Use DeMoivre's formula to derive the trig identities $$\begin{cases} \cos3\theta = (\cos\theta)^2-3\cos\theta(\sin\theta)^2\\ \sin3\theta=3(\cos\theta)^2\sin\theta-(\sin\theta)^3 \end{cases}$$ and note: $(a+b)^3 = a^3+3a^2b+3ab^2+b^3$
I'm kind of clueless on how to do this. I missed class when we learned how to apply DeMoivre's formula.

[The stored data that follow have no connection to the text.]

lemma limit_branch_hintikka:
  assumes "\<not> closable G \<phi> {}"
  shows "ck_hintikka (limit_branch G \<phi>)"
proof
  let ?H = "limit_branch G \<phi>"
  note realises = limit_branch_realises_pair[OF assms]
  show "PF i (Neg a) \<notin> ?H" if "PF i a \<in> ?H" for i a
    using limit_branch_not_closed[OF assms, of "{PF i a, PF i (Neg a)}"] that
    unfolding closed_branch_def by blast
  show "PF i Bot \<notin> ?H" for i
    using limit_branch_not_closed[OF assms, of "{PF i Bot}"] unfolding closed_branch_def by blast
  show "PF i a \<in> ?H \<or> PF i (Neg a) \<in> ?H" if i: "i \<in> indices ?H" for i a
  proof -
    obtain x where x: "x \<in> ?H" "i \<in> indices {x}"
      using i unfolding indices_def by blast
    have "i \<in> indices B" if "x \<in> B" for B
      using x(2) indices_mono[of "{x}" B] that by blast
    then show ?thesis using realises[OF x(1) x(1), of "CutR i a"] by (auto split: if_splits)
  qed
  show "PF i a \<in> ?H \<and> PF i b \<in> ?H" if "PF i (And a b) \<in> ?H" for i a b
    using realises[OF that that, of "AndR i a b"] by (auto split: if_splits)
  show "PF i (Neg a) \<in> ?H \<or> PF i (Neg b) \<in> ?H" if "PF i (Neg (And a b)) \<in> ?H" for i a b
    using realises[OF that that, of "NandR i a b"] by (auto split: if_splits)
  show "PF i a \<in> ?H \<or> PF i b \<in> ?H" if "PF i (Or a b) \<in> ?H" for i a b
    using realises[OF that that, of "OrR i a b"] by (auto split: if_splits)
  show "PF i (Neg a) \<in> ?H \<and> PF i (Neg b) \<in> ?H" if "PF i (Neg (Or a b)) \<in> ?H" for i a b
    using realises[OF that that, of "NorR i a b"] by (auto split: if_splits)
  show "PF i (Neg a) \<in> ?H \<or> PF i b \<in> ?H" if "PF i (Imp a b) \<in> ?H" for i a b
    using realises[OF that that, of "ImpR i a b"] by (auto split: if_splits)
  show "PF i a \<in> ?H \<and> PF i (Neg b) \<in> ?H" if "PF i (Neg (Imp a b)) \<in> ?H" for i a b
    using realises[OF that that, of "NimpR i a b"] by (auto split: if_splits)
  show "PF j b \<in> ?H" if "PF i (Box a b) \<in> ?H" "Rel i a j \<in> ?H" for i a b j
    using realises[OF that, of "BoxR i a b j"] by (auto split: if_splits)
  show "\<exists>j. Rel i a j \<in> ?H \<and> PF j (Neg b) \<in> ?H" if "PF i (Neg (Box a b)) \<in> ?H" for i a b
    using realises[OF that that, of "NboxR i a b"] by (auto split: if_splits)
  show "\<exists>j. Rel i a j \<in> ?H \<and> PF j b \<in> ?H" if "PF i (Dia a b) \<in> ?H" for i a b
    using realises[OF that that, of "DiaR i a b"] by (auto split: if_splits)
  show "PF j (Neg b) \<in> ?H" if "PF i (Neg (Dia a b)) \<in> ?H" "Rel i a j \<in> ?H" for i a b j
    using realises[OF that, of "NdiaR i a b j"] by (auto split: if_splits)
  show "(\<exists>k. PF k (Neg a) \<in> ?H \<and> PF k b \<in> ?H) \<or> (\<exists>k. PF k a \<in> ?H \<and> PF k (Neg b) \<in> ?H)
      \<or> Rel i b j \<in> ?H" if "Rel i a j \<in> ?H" for i a j b
    using realises[OF that that, of "EaR i a j b"] by (auto split: if_splits)
qed

context ck_hintikka
begin

definition truth_set :: "fm \<Rightarrow> nat set" where
  "truth_set a = {i. PF i a \<in> H}"
(* Let $\mathbf{a}_1,\ldots,\mathbf{a}_m\in\mathbb{R}^d$ and let $\mathbf{y}\in\mathbb{R}^d$ lie in the convex hull of $\mathbf{a}_1,\ldots,\mathbf{a}_m$. Let $\mathbf{x}\in\mathbb{R}^m$ be a solution to the optimization problem $$\min_{\mathbf{x}\in\mathbb{R}^m}\ \sum_{j=1}^m x_j\|\mathbf{y}-\mathbf{a}_j\|^2\quad\text{subject to}\quad \mathbf{y}=\sum_{j=1}^m x_j\mathbf{a}_j,\quad \sum_{j=1}^m x_j=1,\quad x_j\ge 0\ \text{for all } j.$$ If the points $\mathbf{a}_1,\ldots,\mathbf{a}_m$ have a unique Delaunay triangulation, then the set of points $\{\mathbf{a}_j : x_j\neq 0\}$ comprises the vertices of some face of this triangulation that contains $\mathbf{y}$.
   Context: $\|\cdot\|$ is the Euclidean norm. A Delaunay triangulation of $\mathbf{a}_1,\ldots,\mathbf{a}_m$ is a triangulation of their convex hull into simplices (cells) with vertices among the $\mathbf{a}_j$ such that the circumscribed sphere of each cell contains no point $\mathbf{a}_j$ in its interior; a face of the triangulation is a face of one of its cells. *)

theory Defs
  imports "HOL-Analysis.Analysis"
begin

text \<open>A cell of a triangulation of the finite point set A is given by its vertex set V:
  an affinely independent subset of A whose number of points is one more than the
  (affine) dimension of A, i.e. a full-dimensional simplex (relative to the affine hull of A;
  when A spans R^d this is an ordinary d-simplex).\<close>
definition is_cell :: "'a::euclidean_space set \<Rightarrow> 'a set \<Rightarrow> bool" where
  "is_cell A V \<longleftrightarrow> V \<subseteq> A \<and> \<not> affine_dependent V \<and> int (card V) = aff_dim A + 1"

definition is_triangulation :: "'a::euclidean_space set \<Rightarrow> 'a set set \<Rightarrow> bool" where
  "is_triangulation A T \<longleftrightarrow>
     (\<forall>V\<in>T. is_cell A V) \<and>
     \<Union>((\<lambda>V. convex hull V) ` T) = convex hull A \<and>
     (\<forall>V\<in>T. \<forall>W\<in>T. convex hull V \<inter> convex hull W = convex hull (V \<inter> W))"

definition empty_circumsphere :: "'a::euclidean_space set \<Rightarrow> 'a set \<Rightarrow> bool" where
  "empty_circumsphere A V \<longleftrightarrow>
     (\<exists>c r. c \<in> affine hull V \<and> (\<forall>v\<in>V. dist c v = r) \<and> (\<forall>p\<in>A. r \<le> dist c p))"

DeMoivre's formula looks like this: $$ \color{maroon}{\cos(n\theta)} + i\color{navy}{\sin(n\theta)} = (\cos(\theta) + i\sin(\theta))^n $$ Use the case where $n=3$ and multiply out the RHS. So $\color{maroon}{\cos(3\theta)} + i\color{navy}{\sin(3\theta)} = $ $$ \begin{align} &= (\cos(\theta) + i\sin(\theta))^3 \\ &=\big(\cos^2(\theta)-\sin^2(\theta)+2i\sin(\theta)\cos(\theta)\big)(\cos(\theta) + i\sin(\theta)) \\ &=\cos^3(\theta)-\sin^2(\theta)\cos(\theta)+2i\sin(\theta)\cos^2(\theta)+i\sin(\theta)\cos^2(\theta)-i\sin^3(\theta)-2\sin^2(\theta)\cos(\theta)\\ &= \dotsc \end{align} $$ And then we can group the terms with a coefficient of $i$ and those without a coefficient of $i$: $$ \begin{align} \dotsc &= \color{maroon}{\big(\cos^3(\theta)-3\sin^2(\theta)\cos(\theta)\big)} + i\color{navy}{\big(-\sin^3(\theta)+3\sin(\theta)\cos^2(\theta)\big)} \end{align} $$ Then looking back at the $\color{maroon}{\cos(3\theta)} + i\color{navy}{\sin(3\theta)}$ that we started with, we can see that the $\color{maroon}{\text{real term}}$ in this expression must be equal to the $\color{maroon}{\text{real term}}$ in our result, and the $\color{navy}{\text{imaginary term}}$ in this expression must be equal to the $\color{navy}{\text{imaginary term}}$ in our result. So, $$ \begin{cases}\color{maroon}{\cos(3\theta) = \cos^3(\theta)-3\sin^2(\theta)\cos(\theta)}\\ \color{navy}{\sin(3\theta) = -\sin^3(\theta)+3\sin(\theta)\cos^2(\theta)} \end{cases} $$